- League: UpShot League
- Founded: January 30, 2025; 19 months ago Charlotte, North Carolina, U.S.
- History: 2026–
- Arena: Bojangles Coliseum
- Capacity: 8,600
- Location: Charlotte, North Carolina
- Team colors: Royal purple, Black, Light violet, White
- Head coach: Trisha Stafford-Odom
- Ownership: Zawyer Sports & Entertainment
- Championships: 2026
- Website: CrownUpShot.com

= Charlotte Crown =

Women's basketball team based in Charlotte, North Carolina

The Charlotte Crown are a professional women's basketball team based in Charlotte, North Carolina.

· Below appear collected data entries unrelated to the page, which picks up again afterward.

(* Let $N$ be a Poisson random variable with mean $\bar m>0$ and $d_1,d_2,\dots$ i.i.d. positive random variables independent of $N$ with $\Pr(d_n\le\rho)=2\pi\int_0^\rho f(r)\,r\,dr$. Let $P'=\eta g\sum_{n=1}^N d_n^{-\alpha_1}$ and $p_0'=\Pr\big(P'\le\frac{P_c}{1-\beta D}\big)$. Then: (Matern) if $\mu^*>0$ satisfies $\int_0^{a^2}t^{-\alpha_1/2}e^{-\mu^*t^{-\alpha_1/2}}dt=\frac{a^2P_c(\eta g)^{-1}}{\bar m(1-\beta D)}$, then $$p_0'\le\exp\Big(\frac{\mu^*P_c}{(1-\beta D)\eta g}-\frac{\bar m}{a^2}\int_0^{a^2}\big(1-e^{-\mu^*t^{-\alpha_1/2}}\big)dt\Big);$$ (Thomas) if $\mu^*>0$ satisfies $\int_0^\infty\frac{e^{-t-\mu^*(\sqrt2\sigma)^{-\alpha_1}t^{-\alpha_1/2}}}{(\sqrt2\sigma)^{\alpha_1}t^{\alpha_1/2}}dt=\frac{P_c(\eta g)^{-1}}{\bar m(1-\beta D)}$, then $$p_0'\le\exp\Big(\frac{\mu^*P_c}{(1-\beta D)\eta g}-\bar m\int_0^\infty e^{-t}\big(1-e^{-\mu^*(\sqrt2\sigma)^{-\alpha_1}t^{-\alpha_1/2}}\big)dt\Big).$$
   Context: Parameters: duty cycle $D\in(0,1]$, reflection coefficient $\beta\in(0,1]$, $\eta>0$, $g>0$, circuit power $P_c>0$, path-loss exponent $\alpha_1>0$. The function $f$ is one of: (Matern) $f(r)=\frac{1}{\pi a^2}$ for $0\le r\le a$, $0$ otherwise ($a>0$); (Thomas) $f(r)=\frac{1}{2\pi\sigma^2}e^{-r^2/(2\sigma^2)}$ ($\sigma>0$). Here $P'$ is the power received by a backscatter node from a Poisson cluster of power beacons and $p_0'$ its power-outage probability. *)

theory Defs
  imports "HOL-Probability.Probability"
begin

definition matern_f :: "real \<Rightarrow> real \<Rightarrow> real" where
  "matern_f a r = (if 0 \<le> r \<and> r \<le> a then 1 / (pi * a\<^sup>2) else 0)"

definition thomas_f :: "real \<Rightarrow> real \<Rightarrow> real" where
  "thomas_f \<sigma> r = 1 / (2 * pi * \<sigma>\<^sup>2) * exp (- r\<^sup>2 / (2 * \<sigma>\<^sup>2))"

end

theory Submission
  imports Defs
begin

text \<open>
  Write \<open>S = (\<Sum>n<N. d n powr -\<alpha>)\<close>. By the Chernoff bound, for every \<open>\<mu> > 0\<close>,
  \<open>Pr (S \<le> c) \<le> exp (\<mu> c) E (exp (-\<mu> S))\<close>. By independence of \<open>N\<close> and the \<open>d n\<close>,
  \<open>E (exp (-\<mu> S))\<close> is the generating function of \<open>N\<close> at \<open>\<phi> = E (exp (-\<mu> d powr -\<alpha>))\<close>,
  which for a Poisson variable of mean \<open>m\<close> is \<open>exp (-m (1 - \<phi>))\<close>. Finally \<open>\<phi>\<close> is read off
  the distance distribution: \<open>d\<^sup>2\<close> is uniform on \<open>[0, a\<^sup>2]\<close> for the Matern cluster and
  \<open>d\<^sup>2 / (2 \<sigma>\<^sup>2)\<close> is standard exponential for the Thomas cluster.
  The equation characterising \<open>\<mu>*\<close> only says that \<open>\<mu>*\<close> minimises the Chernoff exponent;
  the bound holds for every \<open>\<mu> > 0\<close>.
\<close>

lemma (in prob_space) expectation_indicator_times_prod_indep:
  fixes N :: "'a \<Rightarrow> nat" and d :: "nat \<Rightarrow> 'a \<Rightarrow> real" and G :: "real \<Rightarrow> real"
  assumes N_meas[measurable]: "N \<in> measurable M (count_space UNIV)"
    and N_distr: "distr M (count_space UNIV) N = measure_pmf p"
    and d_meas[measurable]: "\<And>n. d n \<in> borel_measurable M"
    and indep: "indep_vars (\<lambda>_. borel)
        (\<lambda>i \<omega>. case i of None \<Rightarrow> real (N \<omega>) | Some n \<Rightarrow> d n \<omega>) (UNIV :: nat option set)"
    and G_meas[measurable]: "G \<in> borel_measurable borel"
    and G_bounded: "\<And>x. \<bar>G x\<bar> \<le> 1"
    and G_expectation: "\<And>n. expectation (\<lambda>\<omega>. G (d n \<omega>)) = \<phi>"
  shows "expectation (\<lambda>\<omega>. indicator {k} (N \<omega>) * (\<Prod>n<k. G (d n \<omega>))) = pmf p k * \<phi> ^ k"
proof -
  define X :: "nat option \<Rightarrow> 'a \<Rightarrow> real"
    where "X i \<omega> = (case i of None \<Rightarrow> real (N \<omega>) | Some n \<Rightarrow> d n \<omega>)" for i \<omega>
  define Y :: "nat option \<Rightarrow> real \<Rightarrow> real"
    where "Y i x = (case i of None \<Rightarrow> indicator {real k} x | Some n \<Rightarrow> G x)" for i x
  define I where "I = insert None (Some ` {..<k})"
  have "Y None = indicator {real k}" "\<And>n. Y (Some n) = G"
    by (simp_all add: Y_def fun_eq_iff)
  then have Y_meas: "Y i \<in> borel_measurable borel" for i
    by (cases i) simp_all
  have "indep_vars (\<lambda>_. borel) (\<lambda>i \<omega>. Y i (X i \<omega>)) I"
    by (rule indep_vars_compose2[OF indep_vars_subset[OF indep[folded X_def]]])
      (simp_all add: Y_meas)
  then have "expectation (\<lambda>\<omega>. \<Prod>i\<in>I. Y i (X i \<omega>)) = (\<Prod>i\<in>I. expectation (\<lambda>\<omega>. Y i (X i \<omega>)))"
    by (intro indep_vars_lebesgue_integral)
      (auto simp: I_def Y_def X_def G_bounded intro!: integrable_const_bound[where B=1] split: option.split)
  moreover have "(\<lambda>\<omega>. \<Prod>i\<in>I. Y i (X i \<omega>)) = (\<lambda>\<omega>. indicator {k} (N \<omega>) * (\<Prod>n<k. G (d n \<omega>)))"
    by (auto simp: fun_eq_iff I_def prod.reindex Y_def X_def indicator_def)
  moreover have "expectation (\<lambda>\<omega>. indicator {k} (N \<omega>) :: real) = pmf p k"
  proof -
    have "expectation (\<lambda>\<omega>. indicator {k} (N \<omega>) :: real)
        = integral\<^sup>L (distr M (count_space UNIV) N) (indicator {k})"
      by (subst integral_distr) auto
    then show ?thesis
      by (simp add: N_distr measure_pmf_single)
  qed
  moreover have "expectation (\<lambda>\<omega>. Y None (X None \<omega>)) = expectation (\<lambda>\<omega>. indicator {k} (N \<omega>) :: real)"
    by (auto simp: Y_def X_def indicator_def intro!: Bochner_Integration.integral_cong)
  ultimately show ?thesis
    by (simp add: I_def prod.reindex Y_def X_def G_expectation)
qed

lemma (in prob_space) nn_integral_prod_random_index:
  fixes N :: "'a \<Rightarrow> nat" and d :: "nat \<Rightarrow> 'a \<Rightarrow> real" and G :: "real \<Rightarrow> real"
  assumes N_meas[measurable]: "N \<in> measurable M (count_space UNIV)"
    and N_distr: "distr M (count_space UNIV) N = measure_pmf p"
    and d_meas[measurable]: "\<And>n. d n \<in> borel_measurable M"
    and indep: "indep_vars (\<lambda>_. borel)
        (\<lambda>i \<omega>. case i of None \<Rightarrow> real (N \<omega>) | Some n \<Rightarrow> d n \<omega>) (UNIV :: nat option set)"
    and G_meas[measurable]: "G \<in> borel_measurable borel"
    and G_nonneg: "\<And>x. 0 \<le> G x" and G_le_1: "\<And>x. G x \<le> 1"
    and G_expectation: "\<And>n. expectation (\<lambda>\<omega>. G (d n \<omega>)) = \<phi>"
  shows "(\<integral>\<^sup>+\<omega>. ennreal (\<Prod>n<N \<omega>. G (d n \<omega>)) \<partial>M) = (\<Sum>k. ennreal (pmf p k * \<phi> ^ k))"
proof -
  define F where "F k \<omega> = indicator {k} (N \<omega>) * (\<Prod>n<k. G (d n \<omega>))" for k \<omega>
  have F_nonneg: "0 \<le> F k \<omega>" for k \<omega>
    by (simp add: F_def G_nonneg prod_nonneg)
  have F_le_1: "F k \<omega> \<le> 1" for k \<omega>
    unfolding F_def by (intro mult_le_one prod_le_1 prod_nonneg) (simp_all add: G_nonneg G_le_1)
  have F_meas[measurable]: "F k \<in> borel_measurable M" for k
  proof -
    have "(\<lambda>\<omega>. indicator {k} (N \<omega>) :: real) \<in> borel_measurable M"
      by (rule measurable_compose[OF N_meas]) simp
    then show ?thesis
      unfolding F_def by measurable
  qed
  have pointwise: "ennreal (\<Prod>n<N \<omega>. G (d n \<omega>)) = (\<Sum>k. ennreal (F k \<omega>))" for \<omega>
  proof -
    have "(\<lambda>k. ennreal (F k \<omega>)) = (\<lambda>k. if k = N \<omega> then ennreal (\<Prod>n<N \<omega>. G (d n \<omega>)) else 0)"
      by (auto simp: F_def fun_eq_iff)
    then show ?thesis
      using sums_single[of "N \<omega>" "\<lambda>_. ennreal (\<Prod>n<N \<omega>. G (d n \<omega>))"] by (simp add: sums_iff)
  qed
  have "(\<integral>\<^sup>+\<omega>. ennreal (\<Prod>n<N \<omega>. G (d n \<omega>)) \<partial>M) = (\<Sum>k. \<integral>\<^sup>+\<omega>. ennreal (F k \<omega>) \<partial>M)"
    unfolding pointwise by (rule nn_integral_suminf) measurable
  also have "\<dots> = (\<Sum>k. ennreal (expectation (F k)))"
    by (intro suminf_cong nn_integral_eq_integral integrable_const_bound[where B=1])
      (simp_all add: F_nonneg F_le_1)
  also have "\<dots> = (\<Sum>k. ennreal (pmf p k * \<phi> ^ k))"
    using expectation_indicator_times_prod_indep[OF N_meas N_distr d_meas indep G_meas _ G_expectation]
      G_nonneg G_le_1 by (simp add: F_def[abs_def] abs_le_iff)
  finally show ?thesis .
qed

lemma poisson_pmf_generating_sums:
  assumes "0 < m"
  shows "(\<lambda>k. pmf (poisson_pmf m) k * z ^ k) sums exp (- m * (1 - z))"
proof -
  have "(\<lambda>k. (m * z) ^ k /\<^sub>R fact k * exp (- m)) sums (exp (m * z) * exp (- m))"
    by (rule sums_mult2[OF exp_converges])
  then show ?thesis
    using assms by (simp add: power_mult_distrib field_simps mult_exp_exp)
qed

The team is part of the UpShot League, a developmental women's basketball league in the United States. The Crown are one of the league's inaugural four franchises, whose first full regular season ended on August 23, 2026.

==History==
In October 2025, the UpShot League unveiled the Charlotte Crown as its newest franchise, marking the return of professional women's basketball to the Queen City. The team is operated by Zawyer Sports & Entertainment, which also owns the Charlotte Checkers and the Gastonia Ghost Peppers. The UpShot League debuted in May 2026 with four teams: the Charlotte Crown, Jacksonville Waves, Savannah Steel, and Greensboro Groove. The league aims to provide a platform for aspiring athletes aiming to reach the WNBA.

On December 8, 2025, the UpShot League announced the opening weekend matchups for each team. Charlotte opened its season on May 21, 2026, against the Jacksonville Waves.

The regular season concluded on August 23, 2026, with the Crown earning a spot in the championship game with a 21-11 record.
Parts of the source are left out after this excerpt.